The main objective of the paper, as pointed out by the authors, is to understand the nature of the problem through extensive experimentation. To this end, they have done an excellent job by using different existing workloads, reproducing prior work in their own testbed, proposing a model (still crude), and using the model to explain observed phenomena.
The paper starts of with an exploratory approach. The authors try to reproduce the results from prior work (which they did to show the generality of the problem) and propose multiple smaller tweaks (decreasing the TCP RTOmin, randomizing the RTOmin, setting a smaller multiplier for the RTO exponential backoff, and randomizing the multiplier value) to find out that the most promising modification was to reduce RTOmin (which confirms the solution presented here).
Through in-depth analysis, they identify three specific regions of goodput change over different RTOmin values for increasing number of senders (which was not observed in prior work). The authors argue that any model should be able to capture these details:
- R1: Goodput collapse, which appears to reach a minimum point for different RTOmin values for the same number of senders;
- R2: Goodput recovery, which takes goodput to a local maximum for larger number of senders for larger RTOmin values;
- R3: Goodput decline, which has the same slope of decrease for all RTOmin values.

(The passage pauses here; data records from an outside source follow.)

lemma periodic_solutions_trigonometric:
  obtains r0 where "\<And>y. (\<And>q. y (q + p) = y q) \<Longrightarrow>
      (\<And>t. c * (y (t + I) - y (t + J)) + d * (y (t + K) - y (t + L)) = 0) \<Longrightarrow>
      \<exists>\<alpha> \<beta> \<gamma>. \<forall>q<p. y q = \<alpha> + \<beta> * cos (2 * pi * real (r0 * q) / real p)
        + \<gamma> * sin (2 * pi * real (r0 * q) / real p)"
proof -
  obtain r0 where r0: "0 < r0" "r0 < p"
    and zeros: "\<And>r. 0 < r \<Longrightarrow> r < p \<Longrightarrow> symbol r = 0 \<Longrightarrow> r = r0 \<or> r = p - r0"
    using symbol_zeros by blast
  have "2 * r0 \<noteq> p"
    using odd_p by auto
  show ?thesis
  proof (rule that)
    fix y
    assume periodic: "\<And>q. y (q + p) = y q"
      and rel: "\<And>t. c * (y (t + I) - y (t + J)) + d * (y (t + K) - y (t + L)) = 0"
    have "dft y r = 0" if "r < p" "r \<notin> {0, r0, p - r0}" for r
      using symbol_mult_dft[of y r, OF periodic rel] zeros[of r] that by auto
    then obtain \<alpha> \<beta> \<gamma> where "\<And>q. q < p \<Longrightarrow> y q = \<alpha> + \<beta> * cos (2 * pi * real (r0 * q) / real p)
        + \<gamma> * sin (2 * pi * real (r0 * q) / real p)"
      using dft_supported_trigonometric[OF r0 \<open>2 * r0 \<noteq> p\<close>] by blast
    then show "\<exists>\<alpha> \<beta> \<gamma>. \<forall>q<p. y q = \<alpha> + \<beta> * cos (2 * pi * real (r0 * q) / real p)
        + \<gamma> * sin (2 * pi * real (r0 * q) / real p)"
      by blast
  qed
qed

end

section \<open>Orbits of a permutation group containing a p-cycle\<close>

lemma full_cycle_enumeration:
  fixes \<pi> :: "'n::finite \<Rightarrow> 'n"
  assumes "full_cycle \<pi>"
  obtains pos :: "'n \<Rightarrow> nat" and e :: "nat \<Rightarrow> 'n"
  where "\<And>m. pos m < CARD('n)" "\<And>m. e (pos m) = m"
    "\<And>q. e (q + CARD('n)) = e q" "\<And>q. \<pi> (e q) = e (Suc q)"
proof -
  obtain cs where cs: "distinct cs" "length cs = CARD('n)" "\<pi> = cycle_of_list cs"
    using assms by (auto simp: full_cycle_def)
  define e where "e q = cs ! (q mod CARD('n))" for q
  define pos where "pos = inv_into {..<CARD('n)} e"
  have "e ` {..<CARD('n)} = set cs"
    using cs(2) by (auto simp: e_def set_conv_nth)
  also have "set cs = UNIV"
    using cs by (intro card_subset_eq) (simp_all add: distinct_card)
  finally have range: "m \<in> e ` {..<CARD('n)}" for m
    by simp
  show ?thesis
  proof (rule that)
    show "pos m < CARD('n)" for m
      using inv_into_into[OF range] by (simp add: pos_def)
    show "e (pos m) = m" for m
      using f_inv_into_f[OF range] by (simp add: pos_def)
    show "e (q + CARD('n)) = e q" for q
      by (simp add: e_def)
    show "\<pi> (e q) = e (Suc q)" for q
    proof -
      have k: "q mod CARD('n) < length cs"
        using cs(2) by simp
      have "\<pi> (e q) = map \<pi> cs ! (q mod CARD('n))"
        using k by (simp add: e_def)
      also have "map \<pi> cs = rotate1 cs"
        using cyclic_rotation[of cs 1] cs by simp
      also have "rotate1 cs ! (q mod CARD('n)) = e (Suc q)"
        using nth_rotate1[OF k] cs(2) by (simp add: e_def mod_Suc_eq)
      finally show ?thesis .
    qed
  qed
qed

lemma shift_invariant_iterate:
  assumes shift: "\<And>x. x \<in> X \<Longrightarrow> (\<chi> m. x $ \<pi> m) \<in> X"
    and step: "\<And>q. \<pi> (e q) = e (Suc q)" and "x \<in> X"
  shows "\<exists>x'\<in>X. \<forall>q. x' $ e q = x $ e (q + t)"
proof (induction t)
  case (Suc t)
  then obtain x' where "x' \<in> X" "\<forall>q. x' $ e q = x $ e (q + t)" ..
  then show ?case
    using shift[of x'] by (intro bexI[of _ "\<chi> m. x' $ \<pi> m"]) (simp_all add: step)
qed (use \<open>x \<in> X\<close> in auto)

lemma dim_span_shift_invariant_relation:
  fixes X :: "(real^'n) set" and \<pi> :: "'n \<Rightarrow> 'n" and c d :: real
  assumes "prime CARD('n)" "full_cycle \<pi>" "distinct [i, j, k, l]" "c \<noteq> 0"
    and shift: "\<And>x. x \<in> X \<Longrightarrow> (\<chi> m. x $ \<pi> m) \<in> X"
    and rel: "\<And>x. x \<in> X \<Longrightarrow> c * (x $ i - x $ j) + d * (x $ k - x $ l) = 0"
  shows "dim (span X) \<le> 3"
proof -
  define p where "p = CARD('n)"
  obtain pos :: "'n \<Rightarrow> nat" and e :: "nat \<Rightarrow> 'n" where pos: "\<And>m. pos m < p" "\<And>m. e (pos m) = m"
    and e_periodic: "\<And>q. e (q + p) = e q" and e_step: "\<And>q. \<pi> (e q) = e (Suc q)"
    using full_cycle_enumeration[OF assms(2), folded p_def] by metis
  have pos_inj: "pos m = pos m' \<Longrightarrow> m = m'" for m m'
    using pos(2) by metis
  interpret circulant_relation p c d "pos i" "pos j" "pos k" "pos l"
    using assms(1,3,4) pos(1) by unfold_locales (auto simp: p_def dest: pos_inj)
  obtain r0 where trig: "\<And>y. (\<And>q. y (q + p) = y q) \<Longrightarrow>
      (\<And>t. c * (y (t + pos i) - y (t + pos j)) + d * (y (t + pos k) - y (t + pos l)) = 0) \<Longrightarrow>
      \<exists>\<alpha> \<beta> \<gamma>. \<forall>q<p. y q = \<alpha> + \<beta> * cos (2 * pi * real (r0 * q) / real p)
        + \<gamma> * sin (2 * pi * real (r0 * q) / real p)"
    using periodic_solutions_trigonometric by blast
  define b1 :: "real^'n" where "b1 = (\<chi> m. 1)"
  define b2 :: "real^'n" where "b2 = (\<chi> m. cos (2 * pi * real (r0 * pos m) / real p))"
  define b3 :: "real^'n" where "b3 = (\<chi> m. sin (2 * pi * real (r0 * pos m) / real p))"
  have "x \<in> span {b1, b2, b3}" if "x \<in> X" for x
  proof -
    (* read along the cycle, x becomes a p-periodic sequence and x \<mapsto> x \<circ> \<pi> becomes a translation *)
    have shifted: "\<exists>x'\<in>X. \<forall>q. x' $ e q = x $ e (q + t)" for t
      using shift e_step that by (rule shift_invariant_iterate)
    have rel_shifted: "c * (x $ e (t + pos i) - x $ e (t + pos j)) + d * (x $ e (t + pos k) - x $ e (t + pos l)) = 0"
      for t
      using shifted[of t] rel pos(2) by (metis add.commute)
    have "\<exists>\<alpha> \<beta> \<gamma>. \<forall>q<p. x $ e q = \<alpha> + \<beta> * cos (2 * pi * real (r0 * q) / real p)
        + \<gamma> * sin (2 * pi * real (r0 * q) / real p)"
      by (rule trig) (simp_all add: e_periodic rel_shifted)
    then obtain \<alpha> \<beta> \<gamma> where "\<forall>q<p. x $ e q = \<alpha> + \<beta> * cos (2 * pi * real (r0 * q) / real p)
        + \<gamma> * sin (2 * pi * real (r0 * q) / real p)"
      by blast
    then have "x = \<alpha> *\<^sub>R b1 + \<beta> *\<^sub>R b2 + \<gamma> *\<^sub>R b3"
      using pos by (simp add: vec_eq_iff b1_def b2_def b3_def) metis
    then show ?thesis
      by (simp add: span_add span_scale span_base)
  qed
  then have "dim X \<le> card {b1, b2, b3}"
    by (intro dim_le_card) auto
  also have "\<dots> \<le> 3"
    by (simp add: card_insert_le_m1)
  finally show ?thesis
    by simp
qed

Unlike the previous studies, the authors find that disabling delayed ACKs have negative effects on goodput irrespective timer granularity and workload (in contrast to prior work). They attribute this behavior to spurious retransmissions due to overdriving congestion window and mismatch between very low RTOmin value and RTT in the testbed.
Finally, a yet-to-be-completed quantitative model is presented that captures regions R1 and R2 up until now. However, the main contribution of the model is that it identifies inter-packet wait time as a significant influence on goodput in addition to RTO timer values: for large RTO timer values, reducing RTO timer value is a first-order mitigation to the incast problem, but for smaller RTO values, intelligently controlling inter-packet wait time becomes critical. The paper ends with number of qualitative refinements to the proposal to better model the observed phenomena.
Discussion
The authors have done a really excellent job in reproducing the prior results and provided an extensive evaluation in real testbeds (no simulation! yay!) that dug up previously undiscovered factors and their impacts on the incast problem. It also brought up the fact that systems papers are dictated by the workloads/test cases they use, and wrong choice of workloads can spoil great findings if not completely ruin them. No one saw three regions before this paper; but who can guarantee that someone else won’t see another increasing region in some other workload? What will happen to the quantitative model sketched in the paper in that case?
The quantitative model itself is also ugly not-so-good-looking. Hopefully, when the project is completed, the authors will come up with a model that does not look like forced to fit particular empirical observation.